Degrees of Freedom (Unequal Variance)
The degrees of freedom for the two-sample t-test with unequal variances are calculated using the formula:
$$\LARGE{ df = \frac{(\frac{s_1^2}{n_1} + \frac{s_2^2}{n_2})^2}{\frac{(s_1^2/n_1)^2}{n_1 - 1} + \frac{(s_2^2/n_2)^2}{n_2 - 1}}} $$
Where:
- \(n_1\) and \(n_2\) are the sample sizes of the two groups being compared
- \(s_1^2\) and \(s_2^2\) are the sample variances for each group
If the resulting degrees of freedom are in fractions ( e.g. 4.8), then you round it DOWN to the nearest integer (e.g. 4).

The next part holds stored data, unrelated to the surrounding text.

definition tDy :: "(nat \<Rightarrow> jpoly) \<Rightarrow> jpoly \<Rightarrow> jpoly" where
  "tDy phy = derivation (\<lambda>v. case v of Xv \<Rightarrow> 0 | Yv \<Rightarrow> 1
       | Zv a b \<Rightarrow> (if b then (derivation genDx ^^ a) zyy else cvar (Zv a True))
       | Phi k \<Rightarrow> (if 4 \<le> k then phy k else 0))"

definition phic :: "nat \<Rightarrow> jpoly" where
  "phic k = (if k = 1 then - cvar Yv
             else if k = 2 then - cvar Xv
             else if k = 3 then - cvar (Zv 0 False) - pconst (1/2) * cvar Yv ^ 2
             else cvar (Phi k))"

definition phiL :: "jpoly fls" where
  "phiL = fls_X_inv + fps_to_fls (Abs_fps (\<lambda>k. if k = 0 then 0 else phic k))"

definition phiD :: "(jpoly \<Rightarrow> jpoly) \<Rightarrow> jpoly fls" where
  "phiD D = fps_to_fls (Abs_fps (\<lambda>k. if k = 0 then 0 else D (phic k)))"

definition zx :: jpoly where "zx = cvar (Zv 1 False)"
definition zy :: jpoly where "zy = cvar (Zv 0 True)"
definition zxx :: jpoly where "zxx = cvar (Zv 2 False)"
definition zxy :: jpoly where "zxy = cvar (Zv 1 True)"

definition Pfac :: "jpoly fls" where
  "Pfac = phiL ^ 2 - fls_const zx * phiL - fls_const zy"

definition covering_data :: "(nat \<Rightarrow> jpoly) \<Rightarrow> (nat \<Rightarrow> jpoly) \<Rightarrow> bool" where
  "covering_data phx phy \<longleftrightarrow>
     (\<forall>k\<ge>4. pvars (phx k) \<union> pvars (phy k) \<subseteq>
               {Xv, Yv, Zv 0 False, Zv 1 False, Zv 0 True} \<union> Phi ` {4..<k})
   \<and> Pfac * phiD (tDx phx) = - 1
   \<and> Pfac * phiD (tDy phy) = - (phiL - fls_const zx)"

definition Zser :: "jpoly fls" where
  "Zser = Pfac * (fls_deriv phiL) ^ 2"

end

theory Submission
  imports Defs
begin

text \<open>Write \<open>P = \<phi>\<^sup>2 - z\<^sub>x \<phi> - z\<^sub>y\<close>, \<open>R = - \<phi>\<^sub>x\<close> and \<open>\<psi> = \<phi>\<^sub>\<lambda>\<close>, so that the covering
  says \<open>P R = 1\<close> and \<open>\<phi>\<^sub>y = -(\<phi> - z\<^sub>x) R\<close>.  Differentiating these relations in \<open>\<lambda>\<close>
  gives \<open>\<psi>\<^sub>x = w R\<^sup>2 \<psi>\<close> and \<open>\<psi>\<^sub>y = ((\<phi> - z\<^sub>x) w R - 1) R \<psi>\<close> with \<open>w = 2\<phi> - z\<^sub>x\<close>,
  so \<open>Z = P \<psi>\<^sup>2\<close> and all its total derivatives are \<open>\<psi>\<^sup>2\<close> times polynomials in
  \<open>\<phi>\<close>, \<open>R\<close> and the jet coordinates.  The linearised Gibbons-Tsarev operator applied
  to \<open>Z\<close> turns out to be
  \<open>\<psi>\<^sup>2 (3 w\<^sup>2 R\<^sup>2 + (z\<^sub>x z\<^sub>x\<^sub>x - z\<^sub>x\<^sub>y) w R - 2R - 2z\<^sub>x\<^sub>x) (P R - 1) = 0\<close>.
  This is an identity in any commutative ring with three derivations; it is applied
  to Laurent series in \<open>\<lambda>\<close> over the polynomial functions on the covering, on which
  the total derivatives act coefficientwise.  Since \<open>P\<close> and \<open>\<psi>\<close> have order at least
  \<open>-2\<close>, \<open>Z\<close> has order at least \<open>-6\<close>.\<close>

unbundle fps_syntax

section \<open>Derivations of a commutative ring\<close>

definition is_derivation :: "('a::comm_ring_1 \<Rightarrow> 'a) \<Rightarrow> bool" where
  "is_derivation D \<longleftrightarrow>
     (\<forall>x y. D (x + y) = D x + D y) \<and> (\<forall>x y. D (x * y) = x * D y + D x * y)"

lemma derivation_add: "is_derivation D \<Longrightarrow> D (x + y) = D x + D y"
  by (simp add: is_derivation_def)

lemma derivation_mult: "is_derivation D \<Longrightarrow> D (x * y) = x * D y + D x * y"
  by (simp add: is_derivation_def)

lemma derivation_0: "is_derivation D \<Longrightarrow> D 0 = 0"
  using derivation_add[of D 0 0] by simp

lemma derivation_uminus: "is_derivation D \<Longrightarrow> D (- x) = - D x"
  using derivation_add[of D x "- x"] derivation_0[of D] by (simp add: add_eq_0_iff2)

lemma derivation_diff: "is_derivation D \<Longrightarrow> D (x - y) = D x - D y"
  using derivation_add[of D x "- y"] derivation_uminus[of D y] by simp

lemma derivation_1: "is_derivation D \<Longrightarrow> D 1 = 0"
  using derivation_mult[of D 1 1] by simp

lemma derivation_of_nat: "is_derivation D \<Longrightarrow> D (of_nat n) = 0"
  by (induction n) (simp_all add: derivation_add derivation_1 derivation_0)

lemma derivation_numeral: "is_derivation D \<Longrightarrow> D (numeral k) = 0"
  using derivation_of_nat[of D "numeral k"] by simp
(* Let $S$ be a random $*$-tree on a $*$-tree $B\subseteq\mathbb{A}^*$ with bounded offspring distributions $\{M_x\}_{x\in B}$. Let $\mathscr{A}$ assign to each $x\in B'$ a nonempty monotonic collection $\mathscr{A}_x$ of subsets of $W_{B'}(x)$. Define $g_{\mathscr{A}}:[0,1]\to[0,1]$ by $g_{\mathscr{A}}(s)=\sup_{x\in B'}\mathbb{P}(M_x^{(s)}\notin\mathscr{A}_x)$, and let $s_0$ be the smallest fixed point of $g_{\mathscr{A}}$ in $[0,1]$. Then $\sup_{x\in B'}\mathbb{P}\big(S^x\text{ has no }\mathscr{A}^x\text{-}*\text{-subtree}\ \big|\ x\in S\big)\le s_0.$
   Context: $\mathbb{A}$ is a finite alphabet, $\mathbb{A}^*$ the finite words (with empty word $\emptyset$); $j<i$ means $j$ is a proper prefix of $i$. For $S\subseteq\mathbb{A}^*$ and $i\in S$, the height is $h_S(i)=|\{j\in S:j<i\}|$. A $*$-tree is $S\subseteq\mathbb{A}^*$ with $\emptyset\in S$, such that every $\emptyset\ne i\in S$ has a unique $j\in S$ with $j<i$ and $h_S(j)=h_S(i)-1$, and each $S_n=h_S^{-1}(n)$ is finite. For $i\in S$: $W_S(i)=\{j\in\mathbb{A}^*: ij\in S_{h_S(i)+1}\}$ and $S^i=\{j:ij\in S\}$. A $*$-subtree of $S$ is a $*$-tree $Q\subseteq S$ such that for every $i\in Q$, $\{j\in S:j<i\}\subseteq Q$. Random $*$-tree on a $*$-tree $B$: given independent random variables $M_x$ ($x\in B$) with $M_x\subseteq W_B(x)$, set $S_0=\{\emptyset\}$, $S_n=\bigcup_{i\in S_{n-1}}\{ij:j\in M_i\}$, $S=\bigcup_nS_n$. $B'=\{i\in B:\mathbb{P}(i\in S)>0\}$. The offspring distributions are bounded if there is $C>0$ with $\mathbb{P}(|M_x|<C)=1$ for all $x\in B'$. For a map $x\mapsto\mathscr{A}_x$, a $*$-tree $Q$ is an $\mathscr{A}$-$*$-tree if $W_Q(i)\in\mathscr{A}_i$ for all $i\in Q$; $\mathscr{A}^x$ is the map $i\mapsto\mathscr{A}_{xi}$. $\mathscr{A}_x$ is monotonic if $X\in\mathscr{A}_x$ and $X\subseteq Y\subseteq W_{B'}(x)$ imply $Y\in\mathscr{A}_x$. $M_x^{(s)}=M_x\cap Y$ with $Y$ independent of $M_x$, $\mathbb{P}(Y=D)=(1-s)^{|D|}s^{|W_B(x)\setminus D|}$ for $D\subseteq W_B(x)$. *)

theory Defs
  imports "HOL-Probability.Probability" "HOL-Library.Sublist"
begin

Calculating Critical Values
The critical values for the t-score in a two-sample t-test depend on the degrees of freedom and the significance level of the test.
Depending upon if the variances are considered equal or unequal, the degrees of freedom are calculated using the formula given above.
You can use Microsoft Excel (or other statistical software) to find out the critical value. In Excel, you can use =T.INV(probability, deg_freedom) for left tail value or =T.INV.2T(probability, deg_freedom) for two tail values.
For example, if you are performing a left-tail t-test with a 95% confidence level (that means the alpha value of 0.05) and in the experiment, you had 4 samples in the first group and 5 samples in the second group (that means 7 degrees of freedom considering equal variance), you can use the formula =T.INV(0.05, 7) to find the critical value of -1.8946.
You can then compare the calculated t-score to the critical value to determine whether to reject or fail to reject the null hypothesis. If the calculated t-score exceeds the critical value, the null hypothesis is rejected, and the alternative hypothesis is accepted.